Christoph Meinel, Humboldt-Universität Berlin
Modified Branching Programs and Their Computational Power

Contents

Preliminaries

1. Branching Programs and their Computational Power

    * Introduction
    * 1.1. Branching Programs
    * 1.2. Bounded width branching programs
    * 1.3. Read-once-only branching programs

2. Nondeterministic Branching Programs

    * Introduction
    * 2.1. Nondeterministic branching programs and their classification
    * 2.2. The computational power of nondeterministic branching programs of polynominal size
    * 2.2.1. 1-time-only-nondeterministic branching programs of polynomial size
    * 2.2.2. Nondeterministic branching programs of polynomial size
    * 2.3. Nondeterministic bounded width branching programs of polynomial size
    * 2.3.1. 1-time-only-nondeterministic bounded width branching programs of polynomial size
    * 2.3.2 Nondeterministic bounded width branching programs of polynomial size

3. Omega-Branching Programs and their computational power

    * Introduction
    * 3.1. Omega-branching programs and their classification
    * 3.1.1. Omega-branching programs
    * 3.1.2. Classification
    * 3.2. Omega-branching programs of polynomial size
    * 3.2.1. Complexity classes related to polynomial size Omega-branching programs
    * 3.2.2. Relationship between these complexity classes
    * 3.3. Bounded with Omega-branching programs of polynomial size
    * 3.4. Omega-branching programs of quasipolynomial size
    * 3.4.1. Complexity classes related to Omega-branching programs of quasipolynomial size
    * 3.4.2. Relationship between these classes
    * 3.5. Read-once-only Omega-branching programs of polynomial size
    * 3.5.1. Complexity classes related to polynomial size read-once-only Omega-branching programs
    * 3.5.2. Classification of the read-once-only complexity classes
    * 3.5.3 Some lower and upper bounds
    * 3.5.4. Separating the complexity classes related to polynomial size read-once-only Omega-branching programs

Appendix
p-Projection Complete Graph Accessibility Problems
References
Index

INTRODUCTION
One of the fundamental issues of complexity theory is to estimate the relative efficiency of different models of computation. A general program in doing this has been to take abstract models of computation, such as Turing machines, Random Access Machines, Boolean circuits or branching programs, and examine their behavior under certain resource constraints. This leads to the definition of complexity classes which formalize certain computational powers. By examining the meaning of and the relationships between such classes, one seeks to understand the relative strengths of their underlying computational paradigms.

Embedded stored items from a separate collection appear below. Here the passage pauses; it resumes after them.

(*
  Since X has type p, every sequence in l_p(X) belongs to Rad(X). Splitting [0,1] dyadically,
  the Rademacher functions r_0, ..., r_(n-1) become a uniformly distributed sign vector, so the
  type inequality is a statement about averages over signs. Levy's reflection argument bounds
  the probability that some partial sum of a tail of the series is large by twice the probability
  for the full tail sum, hence by the type inequality; Borel-Cantelli then gives almost everywhere
  convergence, and Fatou's lemma square integrability. Thus u is Cohen strongly p-summing.

  For the adjoint, let y_0^*, y_1^*, ... be weakly p*-summable, rescaled into the unit ball, and
  b_i the norm of u^* y_i^*. Choosing unit vectors v_i with b_i <= 2 |y_i^*(u v_i)| and testing Cohen
  summability on (a_i v_i) shows that sum a_i b_i converges for every nonnegative a in l_p.
  By Landau's converse of Hoelder's inequality (proved with the Abel-Dini test sequences) b lies
  in l_p*, i.e. u^* is absolutely p*-summing.
*)

theory Submission
  imports Defs
begin

section \<open>Dyadic discretisation of the Rademacher functions\<close>

definition sign_vectors :: "nat \<Rightarrow> (nat \<Rightarrow> real) set" where
  "sign_vectors n = (\<Pi>\<^sub>E i\<in>{..<n}. {-1, 1})"

definition rademacher_vector :: "nat \<Rightarrow> real \<Rightarrow> nat \<Rightarrow> real" where
  "rademacher_vector n t = (\<lambda>i\<in>{..<n}. rademacher i t)"

lemma rademacher_pm1: "rademacher i t \<in> {-1, 1}"
  unfolding rademacher_def by (metis insertCI neg_one_even_power neg_one_odd_power)

lemma rademacher_0_left_half: "0 \<le> t \<Longrightarrow> t < 1/2 \<Longrightarrow> rademacher 0 t = 1"
  by (simp add: rademacher_def floor_eq_iff)

lemma rademacher_0_right_half:
  assumes "1/2 \<le> t" and "t < 1"
  shows "rademacher 0 t = -1"
proof -
  from assms have "\<lfloor>2 * t\<rfloor> = 1" by (simp add: floor_eq_iff)
  then show ?thesis by (simp add: rademacher_def)
qed

lemma rademacher_Suc: "rademacher (Suc i) t = rademacher i (2 * t)"
  by (simp add: rademacher_def mult.assoc)

text \<open>The hypothesis \<open>0 \<le> t\<close> is needed: \<open>nat\<close> truncates the negative floors.\<close>

lemma rademacher_periodic:
  assumes "0 \<le> t"
  shows "rademacher i (t + 1) = rademacher i t"
proof -
  have "(2::real) ^ (i + 1) * (t + 1) = 2 ^ (i + 1) * t + of_int (2 ^ (i + 1))"
    by (simp add: distrib_left)
  then have "\<lfloor>(2::real) ^ (i + 1) * (t + 1)\<rfloor> = \<lfloor>2 ^ (i + 1) * t\<rfloor> + 2 ^ (i + 1)"
    by (simp only: floor_add_int)
  moreover have "0 \<le> \<lfloor>(2::real) ^ (i + 1) * t\<rfloor>" using assms by simp
  ultimately have "nat \<lfloor>(2::real) ^ (i + 1) * (t + 1)\<rfloor> = nat \<lfloor>2 ^ (i + 1) * t\<rfloor> + 2 * 2 ^ i"
    by (simp add: nat_add_distrib nat_mult_distrib nat_power_eq)
  then show ?thesis by (simp add: rademacher_def power_add)
qed

lemma rademacher_Suc_right_half: "1/2 \<le> t \<Longrightarrow> rademacher (Suc i) t = rademacher i (2 * t - 1)"
  using rademacher_periodic[of "2 * t - 1" i] by (simp add: rademacher_Suc)

lemma rademacher_vector_in_sign_vectors: "rademacher_vector n t \<in> sign_vectors n"
  using rademacher_pm1 by (simp add: rademacher_vector_def sign_vectors_def)
text \<open>Contraction applies because \<open>t \<mapsto> t\<^sup>2\<close> is \<open>2\<close>-Lipschitz on \<open>[-1, 1]\<close>.\<close>

lemma rademacher_sup_contraction:
  assumes D: "D \<noteq> {}"
  shows "measure_pmf.expectation (rademacher_pmf m) (\<lambda>\<epsilon>. rademacher_sup D \<epsilon> \<omega>)
     \<le> measure_pmf.expectation (rademacher_pmf m)
          (\<lambda>\<epsilon>. SUP x\<in>D. \<Sum>i<m. \<epsilon> i * (2 * a x (\<omega> i) / real m))"
  unfolding rademacher_sup_def
proof (rule rademacher_contraction[OF D, where B=2])
  have m: "real m \<ge> 1" using m_pos by simp
  show "\<bar>(a x (\<omega> i))\<^sup>2 / real m\<bar> \<le> 2" for x i
    using g_bounded[of x "\<omega> i"] m by (simp add: abs_div divide_le_eq)
  show "\<bar>2 * a x (\<omega> i) / real m\<bar> \<le> 2" for x i
    using a_bounded[of x "\<omega> i"] m by (simp add: abs_div divide_le_eq abs_mult)
  show "\<bar>(a x (\<omega> i))\<^sup>2 / real m - (a y (\<omega> i))\<^sup>2 / real m\<bar>
      \<le> \<bar>2 * a x (\<omega> i) / real m - 2 * a y (\<omega> i) / real m\<bar>" for x y i
  proof -
    define u v where "u = a x (\<omega> i)" and "v = a y (\<omega> i)"
    have "\<bar>u\<^sup>2 - v\<^sup>2\<bar> = \<bar>u - v\<bar> * \<bar>u + v\<bar>"
      by (simp add: power2_eq_square abs_mult[symmetric] algebra_simps)
    also have "\<dots> \<le> \<bar>u - v\<bar> * 2"
      using a_bounded[of x "\<omega> i"] a_bounded[of y "\<omega> i"] by (intro mult_left_mono) (auto simp: u_def v_def)
    finally have "\<bar>u\<^sup>2 - v\<^sup>2\<bar> \<le> \<bar>2 * u - 2 * v\<bar>" by (auto simp: abs_if)
    then show ?thesis using m unfolding u_def v_def
      by (simp add: diff_divide_distrib[symmetric] abs_div divide_right_mono)
  qed
qed

lemma expectation_rademacher_sup_le:
  assumes T: "T > 0" and D: "sublevel T \<noteq> {}" and \<omega>: "\<omega> \<in> set_pmf sample"
  shows "measure_pmf.expectation (rademacher_pmf m) (\<lambda>\<epsilon>. rademacher_sup (sublevel T) \<epsilon> \<omega>)
     \<le> 2 * sqrt (R * T) * measure_pmf.expectation (rademacher_pmf m) (\<lambda>\<epsilon>. s \<omega> \<epsilon>)"
proof -
  have "measure_pmf.expectation (rademacher_pmf m)
          (\<lambda>\<epsilon>. SUP x\<in>sublevel T. \<Sum>i<m. \<epsilon> i * (2 * a x (\<omega> i) / real m))
     \<le> measure_pmf.expectation (rademacher_pmf m) (\<lambda>\<epsilon>. 2 * sqrt (R * T) * s \<omega> \<epsilon>)"
  proof (intro expectation_mono_finite[OF finite_set_rademacher_pmf] cSUP_least[OF D])
    fix \<epsilon> x assume \<epsilon>: "\<epsilon> \<in> set_pmf (rademacher_pmf m)" and x: "x \<in> sublevel T"
    have "(\<Sum>i<m. \<epsilon> i * (2 * a x (\<omega> i) / real m)) = 2 * ((1 / real m) * (\<Sum>i<m. \<epsilon> i * a x (\<omega> i)))"
      by (simp add: sum_distrib_left sum_divide_distrib mult_ac)
    also have "\<dots> \<le> 2 * (s \<omega> \<epsilon> * sqrt (R * mean x))"
      using rademacher_average_le[of \<omega> \<epsilon> x] \<omega> \<epsilon> x
      by (simp add: sample_def mean_def sublevel_def)
    also have "\<dots> \<le> 2 * (s \<omega> \<epsilon> * sqrt (R * T))"
      using x R_nonneg s_nonneg[of \<omega> \<epsilon>]
      by (intro mult_left_mono real_sqrt_le_mono) (auto simp: sublevel_def intro: mult_left_mono)
    finally show "(\<Sum>i<m. \<epsilon> i * (2 * a x (\<omega> i) / real m)) \<le> 2 * sqrt (R * T) * s \<omega> \<epsilon>"
      by (simp add: mult_ac)
  qed
  then show ?thesis using rademacher_sup_contraction[OF D, of \<omega>] by simp
qed
lemma tc_mul_apply:
  "tc_mul x y ix_1 = x ix_1 * y ix_1 - x ix_i1 * y ix_i1 - x ix_i2 * y ix_i2 - x ix_i3 * y ix_i3 + x ix_j1 * y ix_j1 + x ix_j2 * y ix_j2 + x ix_j3 * y ix_j3 - x ix_i4 * y ix_i4"
  "tc_mul x y ix_i1 = x ix_1 * y ix_i1 + x ix_i1 * y ix_1 - x ix_i2 * y ix_j1 - x ix_i3 * y ix_j2 - x ix_j1 * y ix_i2 - x ix_j2 * y ix_i3 + x ix_j3 * y ix_i4 + x ix_i4 * y ix_j3"
  "tc_mul x y ix_i2 = x ix_1 * y ix_i2 - x ix_i1 * y ix_j1 + x ix_i2 * y ix_1 - x ix_i3 * y ix_j3 - x ix_j1 * y ix_i1 + x ix_j2 * y ix_i4 - x ix_j3 * y ix_i3 + x ix_i4 * y ix_j2"
  "tc_mul x y ix_i3 = x ix_1 * y ix_i3 - x ix_i1 * y ix_j2 - x ix_i2 * y ix_j3 + x ix_i3 * y ix_1 + x ix_j1 * y ix_i4 - x ix_j2 * y ix_i1 - x ix_j3 * y ix_i2 + x ix_i4 * y ix_j1"
  "tc_mul x y ix_j1 = x ix_1 * y ix_j1 + x ix_i1 * y ix_i2 + x ix_i2 * y ix_i1 - x ix_i3 * y ix_i4 + x ix_j1 * y ix_1 - x ix_j2 * y ix_j3 - x ix_j3 * y ix_j2 - x ix_i4 * y ix_i3"
  "tc_mul x y ix_j2 = x ix_1 * y ix_j2 + x ix_i1 * y ix_i3 - x ix_i2 * y ix_i4 + x ix_i3 * y ix_i1 - x ix_j1 * y ix_j3 + x ix_j2 * y ix_1 - x ix_j3 * y ix_j1 - x ix_i4 * y ix_i2"
  "tc_mul x y ix_j3 = x ix_1 * y ix_j3 - x ix_i1 * y ix_i4 + x ix_i2 * y ix_i3 + x ix_i3 * y ix_i2 - x ix_j1 * y ix_j2 - x ix_j2 * y ix_j1 + x ix_j3 * y ix_1 - x ix_i4 * y ix_i1"
  "tc_mul x y ix_i4 = x ix_1 * y ix_i4 + x ix_i1 * y ix_j3 + x ix_i2 * y ix_j2 + x ix_i3 * y ix_j1 + x ix_j1 * y ix_i3 + x ix_j2 * y ix_i2 + x ix_j3 * y ix_i1 + x ix_i4 * y ix_1"
  by (simp_all add: tc_mul_def sum_UNIV_index tc_xor_def tc_sign_def
      ix_1_def ix_i1_def ix_i2_def ix_i3_def ix_j1_def ix_j2_def ix_j3_def ix_i4_def)

lemma mem_span3_basis_iff:
  assumes "distinct [p, q, r]"
  shows "x \<in> span3 (basis p) (basis q) (basis r) \<longleftrightarrow> (\<forall>k. k \<notin> {p, q, r} \<longrightarrow> x k = 0)"
proof
  assume "x \<in> span3 (basis p) (basis q) (basis r)"
  then show "\<forall>k. k \<notin> {p, q, r} \<longrightarrow> x k = 0"
    by (auto simp: span3_def tc_add_def tc_scale_def basis_def)
next
  assume "\<forall>k. k \<notin> {p, q, r} \<longrightarrow> x k = 0"
  then have "x = tc_add (tc_scale (x p) (basis p)) (tc_add (tc_scale (x q) (basis q)) (tc_scale (x r) (basis r)))"
    using assms by (auto simp: tc_add_def tc_scale_def basis_def)
  then show "x \<in> span3 (basis p) (basis q) (basis r)"
    unfolding span3_def by blast
qed

lemma mem_span4_basis_iff:
  assumes "distinct [p, q, r, s]"
  shows "x \<in> span4 (basis p) (basis q) (basis r) (basis s) \<longleftrightarrow> (\<forall>k. k \<notin> {p, q, r, s} \<longrightarrow> x k = 0)"
proof
  assume "x \<in> span4 (basis p) (basis q) (basis r) (basis s)"
  then show "\<forall>k. k \<notin> {p, q, r, s} \<longrightarrow> x k = 0"
    by (auto simp: span4_def tc_add_def tc_scale_def basis_def)
next
  assume "\<forall>k. k \<notin> {p, q, r, s} \<longrightarrow> x k = 0"
  then have "x = tc_add (tc_scale (x p) (basis p)) (tc_add (tc_scale (x q) (basis q))
      (tc_add (tc_scale (x r) (basis r)) (tc_scale (x s) (basis s))))"
    using assms by (auto simp: tc_add_def tc_scale_def basis_def)
  then show "x \<in> span4 (basis p) (basis q) (basis r) (basis s)"
    unfolding span4_def by blast
qed

lemma span3_memI: "tc_add (tc_scale a u) (tc_add (tc_scale b v) (tc_scale d w)) \<in> span3 u v w"
  unfolding span3_def by blast

lemmas basis_defs = e_1_def e_i1_def e_i2_def e_i3_def e_j1_def e_j2_def e_j3_def e_i4_def

lemma mem_slices_iff:
  "x \<in> span3 e_1 e_i1 e_i2 \<longleftrightarrow> x ix_i3 = 0 \<and> x ix_j1 = 0 \<and> x ix_j2 = 0 \<and> x ix_j3 = 0 \<and> x ix_i4 = 0"
  "x \<in> span3 e_i1 e_i2 e_j2 \<longleftrightarrow> x ix_1 = 0 \<and> x ix_i3 = 0 \<and> x ix_j1 = 0 \<and> x ix_j3 = 0 \<and> x ix_i4 = 0"
  "x \<in> span3 e_1 e_i1 e_j1 \<longleftrightarrow> x ix_i2 = 0 \<and> x ix_i3 = 0 \<and> x ix_j2 = 0 \<and> x ix_j3 = 0 \<and> x ix_i4 = 0"
  "x \<in> span3 e_i1 e_j1 e_j2 \<longleftrightarrow> x ix_1 = 0 \<and> x ix_i2 = 0 \<and> x ix_i3 = 0 \<and> x ix_j3 = 0 \<and> x ix_i4 = 0"
  "x \<in> span3 e_1 e_j1 e_j2 \<longleftrightarrow> x ix_i1 = 0 \<and> x ix_i2 = 0 \<and> x ix_i3 = 0 \<and> x ix_j3 = 0 \<and> x ix_i4 = 0"
  "x \<in> span3 e_j1 e_j2 e_j3 \<longleftrightarrow> x ix_1 = 0 \<and> x ix_i1 = 0 \<and> x ix_i2 = 0 \<and> x ix_i3 = 0 \<and> x ix_i4 = 0"
  by (simp_all add: basis_defs mem_span3_basis_iff all_index del: split_paired_All)

lemma mem_spaces_iff:
  "x \<in> span4 e_1 e_i1 e_i2 e_j1 \<longleftrightarrow> x ix_i3 = 0 \<and> x ix_j2 = 0 \<and> x ix_j3 = 0 \<and> x ix_i4 = 0"
  "x \<in> span4 e_i1 e_i2 e_j2 e_j3 \<longleftrightarrow> x ix_1 = 0 \<and> x ix_i3 = 0 \<and> x ix_j1 = 0 \<and> x ix_i4 = 0"
  "x \<in> span4 e_i1 e_j1 e_j2 e_i4 \<longleftrightarrow> x ix_1 = 0 \<and> x ix_i2 = 0 \<and> x ix_i3 = 0 \<and> x ix_j3 = 0"
  "x \<in> span4 e_1 e_j1 e_j2 e_j3 \<longleftrightarrow> x ix_i1 = 0 \<and> x ix_i2 = 0 \<and> x ix_i3 = 0 \<and> x ix_i4 = 0"
  by (simp_all add: basis_defs mem_span4_basis_iff all_index del: split_paired_All)

lemma span3_subset_span4:
  "span3 e_1 e_i1 e_i2 \<subseteq> span4 e_1 e_i1 e_i2 e_j1"
  "span3 e_1 e_i1 e_j1 \<subseteq> span4 e_1 e_i1 e_i2 e_j1"
  "span3 e_1 e_j1 e_j2 \<subseteq> span4 e_1 e_j1 e_j2 e_j3"
  by (auto simp: mem_slices_iff mem_spaces_iff)

locale Q3_conjugacy =
  fixes \<phi> \<psi> :: "tc \<Rightarrow> tc" and D E :: "tc set"
  assumes psi_phi: "x \<in> D \<Longrightarrow> \<psi> (\<phi> x) = x"
    and phi_psi: "y \<in> E \<Longrightarrow> \<phi> (\<psi> y) = y"
    and phi_in: "x \<in> D \<Longrightarrow> \<phi> x \<in> E"
    and psi_in: "y \<in> E \<Longrightarrow> \<psi> y \<in> D"
    and Q3_in: "c \<in> D \<Longrightarrow> x \<in> D \<Longrightarrow> Q3 c x \<in> D"
    and phi_Q3: "c \<in> D \<Longrightarrow> x \<in> D \<Longrightarrow> \<phi> (Q3 c x) = Q3 (\<phi> c) (\<phi> x)"
    and zero_in: "tc_zero \<in> D"
    and phi_zero: "\<phi> tc_zero = tc_zero"
    and norm_phi: "x \<in> D \<Longrightarrow> tc_norm (\<phi> x) = tc_norm x"
begin

lemma bij: "bij_betw \<phi> D E"
  by (rule bij_betw_byWitness [where f' = \<psi>]) (auto simp: psi_phi phi_psi phi_in psi_in)

lemma the_inv_into_eq: "y \<in> E \<Longrightarrow> the_inv_into D \<phi> y = \<psi> y"
  using bij by (simp add: bij_betw_def the_inv_into_f_eq phi_psi psi_in)

lemma conjugate_Q3: "c \<in> D \<Longrightarrow> \<eta> \<in> E \<Longrightarrow> \<phi> (Q3 c (the_inv_into D \<phi> \<eta>)) = Q3 (\<phi> c) \<eta>"
  by (simp add: the_inv_into_eq phi_Q3 psi_in phi_psi)

lemma orbit_in_and_phi_orbit:
  assumes "c \<in> D"
  shows "(Q3 c ^^ m) tc_zero \<in> D \<and> \<phi> ((Q3 c ^^ m) tc_zero) = (Q3 (\<phi> c) ^^ m) tc_zero"
proof (induction m)
  case 0
  show ?case by (simp add: zero_in phi_zero)
next
  case (Suc m)
  then show ?case by (simp add: assms Q3_in phi_Q3)
qed

lemma bounded_orbit_phi_iff: "c \<in> D \<Longrightarrow> bounded_orbit (\<phi> c) \<longleftrightarrow> bounded_orbit c"
  unfolding bounded_orbit_def by (metis orbit_in_and_phi_orbit norm_phi)

lemma image_eq_if_inverse_maps:
  assumes "\<And>y. y \<in> S' \<Longrightarrow> y \<in> E" "\<And>x. x \<in> S \<Longrightarrow> \<phi> x \<in> S'" "\<And>y. y \<in> S' \<Longrightarrow> \<psi> y \<in> S"
  shows "\<phi> ` S = S'"
proof
  show "\<phi> ` S \<subseteq> S'" using assms(2) by blast
  show "S' \<subseteq> \<phi> ` S"
  proof
    fix y assume "y \<in> S'"
    then have "y = \<phi> (\<psi> y)" "\<psi> y \<in> S" using assms(1,3) phi_psi by simp_all
    then show "y \<in> \<phi> ` S" by blast
  qed
qed

lemma T3_eq_image:
  assumes "span3 u v w \<subseteq> D" "\<phi> ` span3 u v w = span3 u' v' w'"
  shows "T3 u' v' w' = \<phi> ` T3 u v w"
  unfolding T3_def assms(2) [symmetric] using assms(1) bounded_orbit_phi_iff by blast

end

lemmas tc_coordinate_simps = tc_eq_iff tc_add_def tc_scale_def tc_zero_def tc_norm_def sum_UNIV_index
  basis_def basis_defs Q3_def tc_mul_apply

definition psi1 :: "tc \<Rightarrow> tc" where
  "psi1 y = tc_add (tc_scale (y ix_j2) e_1) (tc_add (tc_scale (y ix_i1) e_i1)
     (tc_add (tc_scale (y ix_i2) e_i2) (tc_scale (- y ix_j3) e_j1)))"

interpretation phi1: Q3_conjugacy phi1 psi1 "span4 e_1 e_i1 e_i2 e_j1" "span4 e_i1 e_i2 e_j2 e_j3"
  by unfold_locales
    (unfold mem_spaces_iff, simp_all add: phi1_def psi1_def tc_coordinate_simps algebra_simps)

lemma phi1_T3: "T3 e_i1 e_i2 e_j2 = phi1 ` T3 e_1 e_i1 e_i2"
  by (rule phi1.T3_eq_image [OF span3_subset_span4(1) phi1.image_eq_if_inverse_maps])
    (unfold mem_slices_iff mem_spaces_iff, simp_all add: phi1_def psi1_def tc_coordinate_simps)

lemma phi1_apply_slice:
  "phi1 (tc_add (tc_scale c1 e_1) (tc_add (tc_scale c2 e_i1) (tc_scale c3 e_i2)))
    = tc_add (tc_scale c2 e_i1) (tc_add (tc_scale c3 e_i2) (tc_scale c1 e_j2))"
  by (simp add: phi1_def tc_coordinate_simps)

definition psi2 :: "tc \<Rightarrow> tc" where
  "psi2 y = tc_add (tc_scale (y ix_j2) e_1) (tc_add (tc_scale (y ix_i1) e_i1)
     (tc_add (tc_scale (y ix_i4) e_i2) (tc_scale (y ix_j1) e_j1)))"

interpretation phi2: Q3_conjugacy phi2 psi2 "span4 e_1 e_i1 e_i2 e_j1" "span4 e_i1 e_j1 e_j2 e_i4"
  by unfold_locales
    (unfold mem_spaces_iff, simp_all add: phi2_def psi2_def tc_coordinate_simps algebra_simps)

lemma phi2_T3: "T3 e_i1 e_j1 e_j2 = phi2 ` T3 e_1 e_i1 e_j1"
  by (rule phi2.T3_eq_image [OF span3_subset_span4(2) phi2.image_eq_if_inverse_maps])
    (unfold mem_slices_iff mem_spaces_iff, simp_all add: phi2_def psi2_def tc_coordinate_simps)

lemma phi2_apply_slice:
  "phi2 (tc_add (tc_scale c1 e_1) (tc_add (tc_scale c2 e_i1) (tc_scale c3 e_j1)))
    = tc_add (tc_scale c2 e_i1) (tc_add (tc_scale c3 e_j1) (tc_scale c1 e_j2))"
  by (simp add: phi2_def tc_coordinate_simps)

definition psi3 :: "tc \<Rightarrow> tc" where
  "psi3 y = tc_add (tc_scale (y ix_j1) e_1) (tc_add (tc_scale (y ix_j2) e_j1)
     (tc_add (tc_scale (y ix_j3) e_j2) (tc_scale (y ix_1) e_j3)))"

interpretation phi3: Q3_conjugacy phi3 psi3 "span4 e_1 e_j1 e_j2 e_j3" "span4 e_1 e_j1 e_j2 e_j3"
  by unfold_locales
    (unfold mem_spaces_iff, simp_all add: phi3_def psi3_def tc_coordinate_simps algebra_simps)

lemma phi3_T3: "T3 e_j1 e_j2 e_j3 = phi3 ` T3 e_1 e_j1 e_j2"
  by (rule phi3.T3_eq_image [OF span3_subset_span4(3) phi3.image_eq_if_inverse_maps])
    (unfold mem_slices_iff mem_spaces_iff, simp_all add: phi3_def psi3_def tc_coordinate_simps)

lemma phi3_apply_slice:
  "phi3 (tc_add (tc_scale c1 e_1) (tc_add (tc_scale c2 e_j1) (tc_scale c3 e_j2)))
    = tc_add (tc_scale c1 e_j1) (tc_add (tc_scale c2 e_j2) (tc_scale c3 e_j3))"
  by (simp add: phi3_def tc_coordinate_simps)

In recent years the concepts of Boolean circuit complexity and other circuit bases nonuniform complexities have been (re-)discovered to be useful in complexity theoretic research. They are based on computational models which are purely combinatorial objects. Apart from the strong practical interest in investigations of such circuit models, nonuniform complexity classes appear to be more amenable to combinatorial analysis. Results obtained by Furst, Saxe and Sipser [FSS84], Razborov [Ra85], [Ra86], Andreev [An85], Yao [Ya85], Hastad [Ha86], Barrington [Ba86] and many others have advanced our knowledge of nonuniform complexity classes as well as of complexity classes in general.

One of the most important nonuniform models of computation are branching programs which generalize the concept of decision trees. The settings of n input variables determine a flow of control through a branching program, as each node activates one of two successors depending on the value of a tested input bit. Originally invented for the analysis of switching problems, branching programs have come to be analyzed as an abstract model of computation.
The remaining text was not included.